We still don’t know why the Man in Yellow can do whatever he wants while the Boy in White can only speak in riddles. And really nothing Sophia does this season has any rhyme or reason. She doesn’t really turn the town folk against one another. If her big goal was stealing the talismans, she could have done that right away. She’s enormously suspicious the entire time, and while I realize the characters in the show don’t see all her little smirks, it’s kind of frustrating that nobody even bothers to watch her more closely and that the only time anyone gets a whiff of her duplicity, it’s Elgin with the photograph – which he takes directly to her in one of the most profoundly stupid moments I’ve ever seen on a television show.

Ultimately, this season was a misfire and the first season that I’ve genuinely disliked more than liked. Each season has had its weaknesses, but warts and all I’ve liked the show more than disliked it. Season 4 started strong and then devolved into soap opera and repetitiveness. Unscary, plodding, dreary with a cast of characters that isn’t dwindling in terms of body count, but certainly in terms of my enjoyment and respect.

You’ll note that I didn’t list “We didn’t get enough answers” here, which is probably the chief complaint of From fans. That’s because I’m okay waiting until the final season to get answers. The bigger problem is that From has so little momentum. It doesn’t feel like we’re moving toward those answers, and we’re adding new mysteries and questions all the time. The fifth season will have a really hard time wrapping up everything in a satisfactory way at this point.
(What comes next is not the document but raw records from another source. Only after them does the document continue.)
lemma expected_reward_eq:
  "expected_reward S V U s c isvc T w x =
     (\<Sum>k\<in>U. w k * (1 - (\<Prod>j\<in>V. node_miss (T k) (isvc k) j)))"
proof -
  let ?Z = "V \<rightarrow>\<^sub>E {1, 2, 3 :: nat}" and ?pz = "\<lambda>\<zeta>. \<Prod>j\<in>V. pz j (\<zeta> j)"
  let ?hit = "\<lambda>\<zeta> \<tau> k.
    (if T k \<inter> placement_of (slots S V s c x \<zeta>) \<tau> (isvc k) \<noteq> {} then 1 else 0 :: real)"
  have "expected_reward S V U s c isvc T w x = (\<Sum>\<zeta>\<in>?Z. \<Sum>k\<in>U. w k *
      (?pz \<zeta> * (\<Sum>\<tau>\<in>allocations S V s c x \<zeta>. tau_prob S V s c x \<zeta> \<tau> * ?hit \<zeta> \<tau> k)))"
    unfolding expected_reward_def
    by (intro sum.cong refl) (simp add: sum_distrib_left sum_distrib_right sum.swap[of _ U] ac_simps)
  also have "\<dots> = (\<Sum>k\<in>U. w k * (\<Sum>\<zeta>\<in>?Z.
      ?pz \<zeta> * (\<Sum>\<tau>\<in>allocations S V s c x \<zeta>. tau_prob S V s c x \<zeta> \<tau> * ?hit \<zeta> \<tau> k)))"
    by (subst sum.swap) (simp add: sum_distrib_left)
  finally show ?thesis by (simp only: user_hit_prob)
qed

lemma slot_miss_bounds:
  assumes "fst \<sigma> \<in> V"
  shows "0 \<le> slot_miss A i \<sigma> \<and> slot_miss A i \<sigma> \<le> 1"
proof -
  obtain j \<kappa> m where \<sigma>: "\<sigma> = (j, \<kappa>, m)" by (cases \<sigma>) auto
  have j: "j \<in> V" using assms \<sigma> by simp
  define e where "e = (if i \<in> P j \<kappa> then x i j else 0)"
  have "0 \<le> e" "e \<le> d j \<kappa>" "0 \<le> d j \<kappa>"
    unfolding e_def using x_le_d[OF j] x_nonneg_P[OF _ j] d_nonneg[OF j] by auto
  then show ?thesis
    unfolding \<sigma> slot_miss_eq e_def[symmetric] by (cases "d j \<kappa> = 0") (auto simp: divide_le_eq_1)
qed
text \<open>Consistency is tested in S-acts with elements of type
  ('a + unit \<times> 's) set, which is large enough to hold the universal act
  (A together with the one-generator act on X \<times> S, modulo the congruence
  generated by Sigma); hence this is equivalent to consistency in an arbitrary act.\<close>
definition almost_pure :: "'a set \<Rightarrow> ('a \<Rightarrow> 's::monoid_mult \<Rightarrow> 'a) \<Rightarrow> bool" where
  "almost_pure A act \<longleftrightarrow>
     (\<forall>\<Sigma> :: (unit, 's, 'a) eqn set.
        finite \<Sigma> \<and> eqns_over A UNIV \<Sigma> \<and>
        consistent_in TYPE(('a + unit \<times> 's) set) A act UNIV \<Sigma>
        \<longrightarrow> solvable_in A act UNIV \<Sigma>)"

definition absolutely_pure_wrt ::
  "'x itself \<Rightarrow> 'b itself \<Rightarrow> 'a set \<Rightarrow> ('a \<Rightarrow> 's::monoid_mult \<Rightarrow> 'a) \<Rightarrow> bool" where
  "absolutely_pure_wrt (_ :: 'x itself) (_ :: 'b itself) A act \<longleftrightarrow>
     (\<forall>(X :: 'x set) (\<Sigma> :: ('x, 's, 'a) eqn set).
        finite X \<and> finite \<Sigma> \<and> eqns_over A X \<Sigma> \<and>
        consistent_in TYPE('b) A act X \<Sigma>
        \<longrightarrow> solvable_in A act X \<Sigma>)"

end

theory Submission
  imports Defs
begin

text \<open>Let a finite system be solved in an extension B of A, and let b be a value of the
  solution outside A.  Because S is finite, the one-variable equations over A that b satisfies
  form a finite consistent system, so almost purity yields c \<in> A satisfying all of them.  Then
  b s \<mapsto> c s is well defined on the cyclic subact bS and fixes A; collapsing bS onto cS this
  way turns B into an extension of A in which the image of the solution has strictly fewer
  values outside A.  Iterating over the finitely many variables moves the whole solution
  into A.\<close>

definition act_extension ::
  "'a set \<Rightarrow> ('a \<Rightarrow> 's::monoid_mult \<Rightarrow> 'a) \<Rightarrow> 'b set \<Rightarrow> ('b \<Rightarrow> 's \<Rightarrow> 'b) \<Rightarrow> ('a \<Rightarrow> 'b) \<Rightarrow> bool" where
  "act_extension A act B actB emb \<longleftrightarrow>
     is_act B actB \<and> inj_on emb A \<and> emb ` A \<subseteq> B \<and>
     (\<forall>a\<in>A. \<forall>s. emb (act a s) = actB (emb a) s)"

definition solves ::
  "'b set \<Rightarrow> ('b \<Rightarrow> 's \<Rightarrow> 'b) \<Rightarrow> ('a \<Rightarrow> 'b) \<Rightarrow> 'x set \<Rightarrow> ('x, 's, 'a) eqn set \<Rightarrow> ('x \<Rightarrow> 'b) \<Rightarrow> bool"
where
  "solves B actB emb X \<Sigma> sol \<longleftrightarrow> (\<forall>x\<in>X. sol x \<in> B) \<and> (\<forall>e\<in>\<Sigma>. sat_eqn actB emb sol e)"

lemma consistent_in_iff:
  "consistent_in TYPE('b) A act X \<Sigma> \<longleftrightarrow>
     (\<exists>(B :: 'b set) actB emb sol. act_extension A act B actB emb \<and> solves B actB emb X \<Sigma> sol)"
  unfolding consistent_in_def act_extension_def solves_def by blast

lemma act_closed: "is_act A act \<Longrightarrow> a \<in> A \<Longrightarrow> act a s \<in> A"
  and act_one: "is_act A act \<Longrightarrow> a \<in> A \<Longrightarrow> act a 1 = a"
  and act_mult: "is_act A act \<Longrightarrow> a \<in> A \<Longrightarrow> act a (s * t) = act (act a s) t"
  unfolding is_act_def by blast+

lemma is_act_subset:
  assumes "is_act B actB" "D \<subseteq> B" "\<And>d s. d \<in> D \<Longrightarrow> actB d s \<in> D"
  shows "is_act D actB"
  using assms unfolding is_act_def by blast

lemma is_act_image:
  assumes "is_act D actD" "inj_on f D"
  shows "is_act (f ` D) (\<lambda>p s. f (actD (inv_into D f p) s))"
  using assms unfolding is_act_def by auto

lemma sat_eqn_cong:
  assumes "\<And>x s. x \<in> eqn_vars e \<Longrightarrow> actB' (sol' x) s = f (actB (sol x) s)"
    and "\<And>a. a \<in> eqn_consts e \<Longrightarrow> emb' a = f (emb a)"
    and "sat_eqn actB emb sol e"
  shows "sat_eqn actB' emb' sol' e"
  using assms by (cases e) auto
(* Let $n\ge 2$ and let $\mathcal{A}$ be a connected cochain DG algebra whose underlying graded algebra $\mathcal{A}^{\#}$ is the $k$-algebra generated by degree-one elements $x_1,\dots,x_n$ subject to the relations $x_ix_j=-x_jx_i$ for all $1\le i<j\le n$. Then there is a matrix $M=(m_{ij})_{n\times n}\in M_n(k)$ such that $$\partial_{\mathcal{A}}(x_i)=\sum_{j=1}^n m_{ij}x_j^2\quad\text{for all } i=1,\dots,n,$$ i.e. $(\partial_{\mathcal{A}}(x_1),\dots,\partial_{\mathcal{A}}(x_n))^T=M\,(x_1^2,\dots,x_n^2)^T$; in particular the differential $\partial_{\mathcal{A}}$ is determined by $M$.
   Context: $k$ is an algebraically closed field of characteristic zero. A connected cochain DG algebra is a graded $k$-algebra $\mathcal{A}=\bigoplus_{i\ge 0}\mathcal{A}^i$ with $\mathcal{A}^0=k$, together with a $k$-linear map $\partial_{\mathcal{A}}$ of degree $+1$ with $\partial_{\mathcal{A}}^2=0$ satisfying the Leibniz rule $\partial_{\mathcal{A}}(ab)=\partial_{\mathcal{A}}(a)b+(-1)^{|a|}a\partial_{\mathcal{A}}(b)$ for homogeneous $a,b$. $\mathcal{A}^{\#}$ denotes the underlying graded algebra. Note that no relation is imposed on the squares $x_i^2$. *)

theory Defs
  imports "HOL-Computational_Algebra.Polynomial"
begin

text \<open>Noncommutative polynomials: coefficient functions on words (lists of generator indices).\<close>
type_synonym 'k ncpoly = "nat list \<Rightarrow> 'k"

definition nc_add :: "'k::comm_ring_1 ncpoly \<Rightarrow> 'k ncpoly \<Rightarrow> 'k ncpoly" where
  "nc_add p q = (\<lambda>w. p w + q w)"

definition nc_mult :: "'k::comm_ring_1 ncpoly \<Rightarrow> 'k ncpoly \<Rightarrow> 'k ncpoly" where
  "nc_mult p q = (\<lambda>w. \<Sum>i\<le>length w. p (take i w) * q (drop i w))"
At the very least, the story-walking subplot should have progressed in Season 4. The division of the Fromvillians should also have been set in motion by this point, with two clear factions squaring off. That’s the only way we get to the whole “this is where they tear themselves apart” goal.

On the bright side, the good guys have the bones, whatever good that will do them. Of course, they also tore down the bottle tree, which is bad . . . for reasons we don’t know. Did it cause day to become night? The weird lightning? Was that just the Man In Yellow making magic? We don’t know! And I suppose we have at least a year to wait before we find out. Hopefully the show’s creators and writers will spend at least a little more time in the gap to tighten up the scripts.